A taxpayer claiming exemption must bring himself clearly within the exempting provisions of the law. He must show, inter alia, that an actual pension plan existed. The trust here in question applied to only four employees of Nash. They were key executives who were regularly receiving high salaries. They were to receive a bonus for 1941. The payment of $110,000 in trust for the benefit of these four men was in the nature of a bonus or additional compensation for their services for one year. No intention to create a pension plan appears. The record does not show clearly what intention, if any, Nash may have had in 1941 as to the future use of this trust. The trust deed expressly provided that Nash was under no obligation to make any payment to the trust in addition to the original payment of $110,000 which represented extra compensation to these men for 1941. There was no guarantee that Nash would ever make another payment or carry the plan to fruition. Cf. South Texas Commercial National Bank of Houston, 7 T.C. 764. Future payments were entirely within the discretion of Nash. Actually, it later paid some additional money into the trust. The trust apparently did not serve the purpose of retaining the employees and did not last long. The petitioner attempts to explain its termination by a change in the revenue laws in regard to employees' trusts which caused Nash to abandon this plan and adopt another one designed to come within the new law.

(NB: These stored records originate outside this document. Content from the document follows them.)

lemma tendsto_bias_variance_iff:
  fixes e w v c p :: "nat \<Rightarrow> real"
  assumes decomp: "\<forall>\<^sub>F n in sequentially. e n = w n * v n + (1 - w n) * c n + (p n - L)\<^sup>2"
    and nonneg: "\<forall>\<^sub>F n in sequentially. 0 \<le> w n * v n + (1 - w n) * c n"
    and w: "w \<longlonglongrightarrow> 0" and v: "\<And>n. \<bar>v n\<bar> \<le> B"
  shows "e \<longlonglongrightarrow> 0 \<longleftrightarrow> p \<longlonglongrightarrow> L \<and> c \<longlonglongrightarrow> 0"
proof -
  have "Bfun v sequentially"
    using v by (intro BfunI[where K = B]) simp
  then have "Zfun (\<lambda>n. v n * w n) sequentially"
    using w by (intro bounded_bilinear.Bfun_prod_Zfun[OF bounded_bilinear_mult])
      (simp_all add: tendsto_Zfun_iff)
  then have a: "(\<lambda>n. w n * v n) \<longlonglongrightarrow> 0"
    by (simp add: tendsto_Zfun_iff mult.commute)
  have b: "(\<lambda>n. 1 - w n) \<longlonglongrightarrow> 1"
    using tendsto_diff[OF tendsto_const w, of 1] by simp
  show ?thesis
  proof
    assume e: "e \<longlonglongrightarrow> 0"
    have "\<forall>\<^sub>F n in sequentially. (p n - L)\<^sup>2 \<le> e n"
      using decomp nonneg by eventually_elim simp
    then have bias: "(\<lambda>n. (p n - L)\<^sup>2) \<longlonglongrightarrow> 0"
      by (intro tendsto_sandwich[OF _ _ tendsto_const e]) auto
    then have "(\<lambda>n. sqrt ((p n - L)\<^sup>2)) \<longlonglongrightarrow> sqrt 0"
      by (intro tendsto_real_sqrt)
    then have "p \<longlonglongrightarrow> L"
      by (simp add: tendsto_rabs_zero_iff LIM_zero_iff)
    moreover have "(\<lambda>n. (e n - (p n - L)\<^sup>2 - w n * v n) / (1 - w n)) \<longlonglongrightarrow> (0 - 0 - 0) / 1"
      by (intro tendsto_divide tendsto_diff e bias a b) simp
    moreover have "\<forall>\<^sub>F n in sequentially. (e n - (p n - L)\<^sup>2 - w n * v n) / (1 - w n) = c n"
      using decomp tendsto_imp_eventually_ne[OF b zero_neq_one[symmetric]]
      by eventually_elim simp
    ultimately show "p \<longlonglongrightarrow> L \<and> c \<longlonglongrightarrow> 0"
      by (simp add: tendsto_cong)
  next
    assume "p \<longlonglongrightarrow> L \<and> c \<longlonglongrightarrow> 0"
    then have "(\<lambda>n. w n * v n + (1 - w n) * c n + (p n - L)\<^sup>2) \<longlonglongrightarrow> 0 + 1 * 0 + (L - L)\<^sup>2"
      by (intro tendsto_add tendsto_mult tendsto_power tendsto_diff a b tendsto_const) auto
    then show "e \<longlonglongrightarrow> 0"
      using decomp by (simp add: tendsto_cong)
  qed
qed

lemma integral_comp_eq_if_distr_eq:
  fixes g :: "'b \<Rightarrow> real"
  assumes "X \<in> measurable M N" and "Y \<in> measurable M N" and "g \<in> borel_measurable N"
    and "distr M N X = distr M N Y"
  shows "(\<integral>\<omega>. g (X \<omega>) \<partial>M) = (\<integral>\<omega>. g (Y \<omega>) \<partial>M)"
  using assms by (metis integral_distr)
lemma wins_Suc_same:
  "wins \<pi> (Suc r) A B a b \<Longrightarrow> \<pi> \<noteq> [] \<Longrightarrow> a' < length A \<Longrightarrow> allowed (hd \<pi>) a a' \<Longrightarrow>
   \<exists>b'<length B. same_order a a' b b' \<and> wins \<pi> r A B a' b'"
  by (cases \<pi>) auto

lemma wins_Suc_switch:
  "wins (T # \<rho>) (Suc r) A B a b \<Longrightarrow> \<rho> \<noteq> [] \<Longrightarrow> b' < length B \<Longrightarrow> allowed (hd \<rho>) b b' \<Longrightarrow>
   \<exists>a'<length A. same_order b b' a a' \<and> wins \<rho> r B A b' a'"
  by (cases \<rho>) auto

lemma wins_SucI:
  assumes "a < length A" "b < length B" "A ! a = B ! b"
    and "\<And>a'. a' < length A \<Longrightarrow> allowed T a a' \<Longrightarrow>
           \<exists>b'<length B. same_order a a' b b' \<and> wins (T # \<rho>) r A B a' b'"
    and "\<And>T' \<rho>' b'. \<rho> = T' # \<rho>' \<Longrightarrow> b' < length B \<Longrightarrow> allowed T' b b' \<Longrightarrow>
           \<exists>a'<length A. same_order b b' a a' \<and> wins \<rho> r B A b' a'"
  shows "wins (T # \<rho>) (Suc r) A B a b"
  using assms by (auto split: list.split)

definition pattern_weaker :: "move list \<Rightarrow> move list \<Rightarrow> bool" where
  "pattern_weaker \<pi>' \<pi> \<longleftrightarrow> length \<pi>' \<le> length \<pi> \<and>
     (\<forall>k<length \<pi>'. \<forall>a a'. allowed (\<pi>' ! k) a a' \<longrightarrow> allowed (\<pi> ! k) a a')"

lemma pattern_weaker_ConsD:
  assumes "pattern_weaker (T' # \<rho>') \<pi>"
  obtains T \<rho> where "\<pi> = T # \<rho>" "\<And>a a'. allowed T' a a' \<Longrightarrow> allowed T a a'" "pattern_weaker \<rho>' \<rho>"
proof (cases \<pi>)
  case (Cons T \<rho>)
  have "allowed T a a'" if "allowed T' a a'" for a a'
    using assms that Cons unfolding pattern_weaker_def by fastforce
  moreover have "allowed (\<rho> ! k) a a'" if "k < length \<rho>'" "allowed (\<rho>' ! k) a a'" for k a a'
    using assms that Cons unfolding pattern_weaker_def by (metis Suc_less_eq length_Cons nth_Cons_Suc)
  then have "pattern_weaker \<rho>' \<rho>" using assms Cons by (simp add: pattern_weaker_def)
  ultimately show thesis using that Cons by blast
qed (use assms in \<open>simp add: pattern_weaker_def\<close>)

lemma pattern_weaker_prefix: "pattern_weaker \<pi> (\<pi> @ \<rho>)"
  by (simp add: pattern_weaker_def nth_append)

lemma pattern_weaker_replicate_Free:
  assumes "k \<le> l" and "length \<rho> \<le> 1"
  shows "pattern_weaker (replicate k Free @ \<rho>) (replicate l Free @ \<rho>)"
proof -
  have "allowed ((replicate l Free @ \<rho>) ! q) a a'"
    if "q < k + length \<rho>" "allowed ((replicate k Free @ \<rho>) ! q) a a'" for q a a'
    using that assms by (cases "q < l") (auto simp: nth_append)
  then show ?thesis using assms by (auto simp: pattern_weaker_def)
qed

lemma wins_mono: "wins \<pi> r A B a b \<Longrightarrow> r' \<le> r \<Longrightarrow> pattern_weaker \<pi>' \<pi> \<Longrightarrow> wins \<pi>' r' A B a b"
proof (induction r' arbitrary: r \<pi> \<pi>' A B a b)
  case 0
  then show ?case using wins_letters by auto
next
  case (Suc r')
  then obtain r0 where r0: "r = Suc r0" "r' \<le> r0" by (cases r) auto
  have base: "a < length A" "b < length B" "A ! a = B ! b" using Suc.prems wins_letters by auto
  show ?case
  proof (cases \<pi>')
    case Nil
    then show ?thesis using base by (simp add: wins_Nil)
  next
    case (Cons T' \<rho>')
    from Suc.prems(3)[unfolded Cons] obtain T \<rho> where
      \<pi>: "\<pi> = T # \<rho>" and T: "\<And>a a'. allowed T' a a' \<Longrightarrow> allowed T a a'" and \<rho>: "pattern_weaker \<rho>' \<rho>"
      by (rule pattern_weaker_ConsD) blast+
    show ?thesis unfolding Cons
    proof (rule wins_SucI[OF base])
      fix a' assume "a' < length A" "allowed T' a a'"
      then obtain b' where "b' < length B" "same_order a a' b b'" "wins \<pi> r0 A B a' b'"
        using wins_Suc_same[of \<pi> r0 A B a b a'] Suc.prems(1) r0 \<pi> T by auto
      then show "\<exists>b'<length B. same_order a a' b b' \<and> wins (T' # \<rho>') r' A B a' b'"
        using Suc.IH r0 Suc.prems(3) Cons by blast
    next
      fix T2' \<rho>2' b' assume \<rho>': "\<rho>' = T2' # \<rho>2'" and b': "b' < length B" "allowed T2' b b'"
      from \<rho>[unfolded \<rho>'] obtain T2 \<rho>2 where
        "\<rho> = T2 # \<rho>2" "\<And>a a'. allowed T2' a a' \<Longrightarrow> allowed T2 a a'"
        by (rule pattern_weaker_ConsD) blast+
      then obtain a' where "a' < length A" "same_order b b' a a'" "wins \<rho> r0 B A b' a'"
        using wins_Suc_switch[of T \<rho> r0 A B a b b'] Suc.prems(1) \<pi> r0 b' by auto
      then show "\<exists>a'<length A. same_order b b' a a' \<and> wins \<rho>' r' B A b' a'"
        using Suc.IH r0 \<rho> by blast
    qed
  qed
qed

lemma wins_swap:
  assumes W: "wins (Free # T # \<rho>) r A B a b" and weaker: "pattern_weaker \<rho> (Free # T # \<rho>)"
  shows "wins (T # \<rho>) r B A b a"
proof (cases r)
  case 0
  then show ?thesis using W by auto
next
  case (Suc r0)
  have base: "a < length A" "b < length B" "A ! a = B ! b" using W wins_letters by auto
  show ?thesis unfolding Suc
  proof (rule wins_SucI)
    fix b' assume "b' < length B" "allowed T b b'"
    then show "\<exists>a'<length A. same_order b b' a a' \<and> wins (T # \<rho>) r0 B A b' a'"
      using wins_Suc_switch[of Free "T # \<rho>" r0 A B a b b'] W Suc by auto
  next
    fix T' \<rho>' a' assume "\<rho> = T' # \<rho>'" "a' < length A"
    then obtain b' where "b' < length B" "same_order a a' b b'" "wins (Free # T # \<rho>) r0 A B a' b'"
      using wins_Suc_same[of "Free # T # \<rho>" r0 A B a b a'] W Suc by auto
    then show "\<exists>b'<length B. same_order a a' b b' \<and> wins \<rho> r0 A B a' b'"
      using wins_mono weaker by blast
  qed (use base in auto)
qed

abbreviation free_then :: "nat \<Rightarrow> move \<Rightarrow> move list" where
  "free_then i T \<equiv> replicate i Free @ [T]"

lemma wins_free_then_swap: "wins (free_then (Suc i) T) r A B a b \<Longrightarrow> wins (free_then i T) r B A b a"
proof (cases i)
  case 0
  then show "wins (free_then (Suc i) T) r A B a b \<Longrightarrow> ?thesis"
    using wins_swap[of T "[]"] by (simp add: pattern_weaker_def)
next
  case (Suc i')
  have "pattern_weaker (free_then i' T) (free_then (Suc (Suc i')) T)"
    by (rule pattern_weaker_replicate_Free) auto
  then show "wins (free_then (Suc i) T) r A B a b \<Longrightarrow> ?thesis"
    using wins_swap[of Free "free_then i' T"] Suc by simp
qed

fun mirror :: "move \<Rightarrow> move" where
  "mirror Free = Free"
| "mirror Left = Right"
| "mirror Right = Left"

lemma allowed_mirror:
  "a < N \<Longrightarrow> a' < N \<Longrightarrow> allowed (mirror T) (N - Suc a) (N - Suc a') \<longleftrightarrow> allowed T a a'"
  by (cases T) auto

lemma same_order_rev:
  assumes "a < N" "a' < N" "b < M" "b' < M"
  shows "same_order (N - Suc a) (N - Suc a') (M - Suc b) (M - Suc b') \<longleftrightarrow> same_order a a' b b'"
proof -
  have rev_less: "x < K \<Longrightarrow> y < K \<Longrightarrow> K - Suc x < K - Suc y \<longleftrightarrow> y < x" for x y K :: nat
    by arith
  show ?thesis using assms by (auto simp: same_order_def rev_less)
qed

Perhaps no one of the circumstances mentioned above would keep a trust from being exempt under section 165. They must all be considered to determine whether this was an exempt pension plan. The cases of D. D. Hubbell, 3 T.C. 626; affd., 150 Fed.(2d) 516; Renton K. Brodie, 1 T.C. 275; and David Watson Anderson, 5 T.C. 1317, while involving different facts, nevertheless point the way in cases of this type. The conclusion has been reached, after taking into consideration all of the circumstances surrounding this trust, that it was not an employee's trust of the kind described in section 165 and the petitioner is not entitled to exemption under that section.

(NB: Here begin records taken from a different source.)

(* Let $\{\alpha_{i,j,k}\}_{1\le i,j,k\le d}$ be real numbers such that $\alpha_{\pi(i),\pi(j),\pi(k)}=\alpha_{i,j,k}$ for every $(i,j,k)$ and every permutation $\pi$ of $(i,j,k)$. Suppose the system $$\frac{\partial\varphi}{\partial t_i}=\sum_{j,k}\alpha_{i,j,k}t_j\frac{\partial\varphi}{\partial t_k}+t_i\varphi,\qquad i=1,\dots,d,$$ has a solution $\varphi$ of class $C^2$ on a neighborhood $V$ of $\mathbf 0\in\mathbb R^d$ with $\varphi(\mathbf 0)\ne0$. For $k=1,\dots,d$ let $A_k:=(\alpha_{k,r,s})_{1\le r,s\le d}$ and for $i,j$ let $C_{i,j}:=[A_i,A_j]=A_iA_j-A_jA_i$. Then for all $(i,j)\in\{1,\dots,d\}^2$ and all $\mathbf t=(t_1,\dots,t_d)$ in a neighborhood of $\mathbf 0$, $$\big(C_{i,j}\mathbf t\big)\cdot\Big(\big(I-t_1A_1-\cdots-t_dA_d\big)^{-1}\mathbf t\Big)=0,$$ where $I$ is the $d\times d$ identity matrix and $\cdot$ is the standard inner product on $\mathbb R^d$. *)

theory Defs
  imports "HOL-Analysis.Analysis"
begin

definition coefmat :: "('n::finite \<Rightarrow> 'n \<Rightarrow> 'n \<Rightarrow> real) \<Rightarrow> 'n \<Rightarrow> real^'n^'n" where
  "coefmat \<alpha> k = (\<chi> r s. \<alpha> k r s)"

definition commut :: "('n::finite \<Rightarrow> 'n \<Rightarrow> 'n \<Rightarrow> real) \<Rightarrow> 'n \<Rightarrow> 'n \<Rightarrow> real^'n^'n" where
  "commut \<alpha> i j = coefmat \<alpha> i ** coefmat \<alpha> j - coefmat \<alpha> j ** coefmat \<alpha> i"

end

theory Submission
  imports Defs
begin

(* Write B(w) = w_1 A_1 + ... + w_d A_d; by the symmetry of alpha, B(w)_ij = sum_k alpha_ijk w_k,
   so with L = I - B(t) the system reads L grad(phi) = phi t. Differentiating it once more gives
   L H = B(grad phi) + phi I + t grad(phi)^T for the Hessian H. Where L is invertible, put
   N = L^-1 and w = N t; then grad(phi) = phi w and H = N B(grad phi) + phi N + phi w w^T.
   H is symmetric by Schwarz's theorem and N, B(grad phi) are symmetric, so transposing shows
   that N, hence L and B(t), commute with B(grad phi) = phi B(w). Where phi is nonzero, B(w)
   commutes with B(t), and the total symmetry of alpha turns (C_ij t) . w into the (i,j) entry
   of the commutator [B(w), B(t)]. *)

section \<open>Symmetry of second derivatives\<close>

definition second_difference :: "('a::real_vector \<Rightarrow> real) \<Rightarrow> 'a \<Rightarrow> 'a \<Rightarrow> 'a \<Rightarrow> real \<Rightarrow> real" where
  "second_difference f x a b h = f (x + h *\<^sub>R a + h *\<^sub>R b) - f (x + h *\<^sub>R a) - f (x + h *\<^sub>R b) + f x"

lemma second_difference_commute: "second_difference f x a b = second_difference f x b a"
  by (simp add: fun_eq_iff second_difference_def algebra_simps)

lemma has_real_derivative_along_line:
  fixes f :: "'a::real_normed_vector \<Rightarrow> real"
  assumes "(f has_derivative f') (at (x + s *\<^sub>R a))"
  shows "((\<lambda>s. f (x + s *\<^sub>R a)) has_real_derivative f' a) (at s)"
proof -
  have "((\<lambda>s. x + s *\<^sub>R a) has_derivative (\<lambda>r. r *\<^sub>R a)) (at s)"
    by (auto intro!: derivative_eq_intros)
  from has_derivative_compose[OF this assms] show ?thesis
    by (rule has_derivative_imp_has_field_derivative)
      (simp add: linear_cmul[OF has_derivative_linear[OF assms]])
qed

lemma second_difference_mean_value:
  fixes f :: "'a::real_normed_vector \<Rightarrow> real"
  assumes "h > 0"
    and rect: "\<And>s r. s \<in> {0..h} \<Longrightarrow> r \<in> {0..h} \<Longrightarrow> x + s *\<^sub>R a + r *\<^sub>R b \<in> S"
    and D1: "\<And>y. y \<in> S \<Longrightarrow> (f has_derivative blinfun_apply (Df y)) (at y)"
    and D2: "\<And>y. y \<in> S \<Longrightarrow> (Df has_derivative blinfun_apply (D2f y)) (at y)"
  shows "\<exists>s\<in>{0..h}. \<exists>r\<in>{0..h}.
    second_difference f x a b h = h * h * D2f (x + s *\<^sub>R a + r *\<^sub>R b) b a"
proof -
  define g where "g s = f (x + h *\<^sub>R b + s *\<^sub>R a) - f (x + s *\<^sub>R a)" for s
  obtain s where s: "0 < s" "s < h"
    and g: "g h - g 0 = (h - 0) * (Df (x + h *\<^sub>R b + s *\<^sub>R a) a - Df (x + s *\<^sub>R a) a)"
  proof (atomize_elim, rule MVT2[OF \<open>h > 0\<close>])
    fix s assume "0 \<le> s" "s \<le> h"
    then have "x + h *\<^sub>R b + s *\<^sub>R a \<in> S" "x + s *\<^sub>R a \<in> S"
      using rect[of s h] rect[of s 0] \<open>h > 0\<close> by (simp_all add: algebra_simps)
    then show "(g has_real_derivative Df (x + h *\<^sub>R b + s *\<^sub>R a) a - Df (x + s *\<^sub>R a) a) (at s)"
      unfolding g_def by (intro DERIV_diff has_real_derivative_along_line D1)
  qed
  define k where "k r = Df (x + s *\<^sub>R a + r *\<^sub>R b) a" for r
  obtain r where r: "0 < r" "r < h" and k: "k h - k 0 = (h - 0) * D2f (x + s *\<^sub>R a + r *\<^sub>R b) b a"
  proof (atomize_elim, rule MVT2[OF \<open>h > 0\<close>])
    fix r assume "0 \<le> r" "r \<le> h"
    then have "x + s *\<^sub>R a + r *\<^sub>R b \<in> S" using rect s by simp
    then have "((\<lambda>y. Df y a) has_derivative (\<lambda>v. D2f (x + s *\<^sub>R a + r *\<^sub>R b) v a))
        (at (x + s *\<^sub>R a + r *\<^sub>R b))"
      using D2 by (auto intro!: derivative_eq_intros)
    then show "(k has_real_derivative D2f (x + s *\<^sub>R a + r *\<^sub>R b) b a) (at r)"
      unfolding k_def by (rule has_real_derivative_along_line)
  qed
  have "second_difference f x a b h = g h - g 0"
    unfolding g_def second_difference_def by (simp add: algebra_simps)
  also have "\<dots> = h * (k h - k 0)"
    unfolding g k_def by (simp add: algebra_simps)
  finally show ?thesis
    using s r k by (intro bexI[of _ s] bexI[of _ r]) auto
qed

The petitioner apparently recognizes that if the full amount of $20,000 is not exempt under section 165, then one-half of it would be taxable for reasons stated in Renton K. Brodie, supra. He argues that in no event is the other one-half of the $20,000 taxable to him in 1941 because that $10,000 was forfeitable. It was not unqualifiedly committed to the petitioner's benefit in 1941. There was no certainty during that year that he would ever get any benefit from it. That benefit could be lost if he did not remain in the employ of Nash for five years. It has been held, in accordance with the Commissioner's regulations, that an employee's beneficial interest which is forfeitable at the time the contribution is made is not taxable to him at that time. See regulations 111, sec. 29.165-7; Julian Robertson, 6 T.C. 1060; Schaefer v. Bowers, 50 Fed.(2d) 689; certiorari denied 284 U.S. 668. The contingency in the two cases cited was substantially the same as in the present case and upon those authorities that point is decided for the petitioner.

Decision will be entered under Rule 50.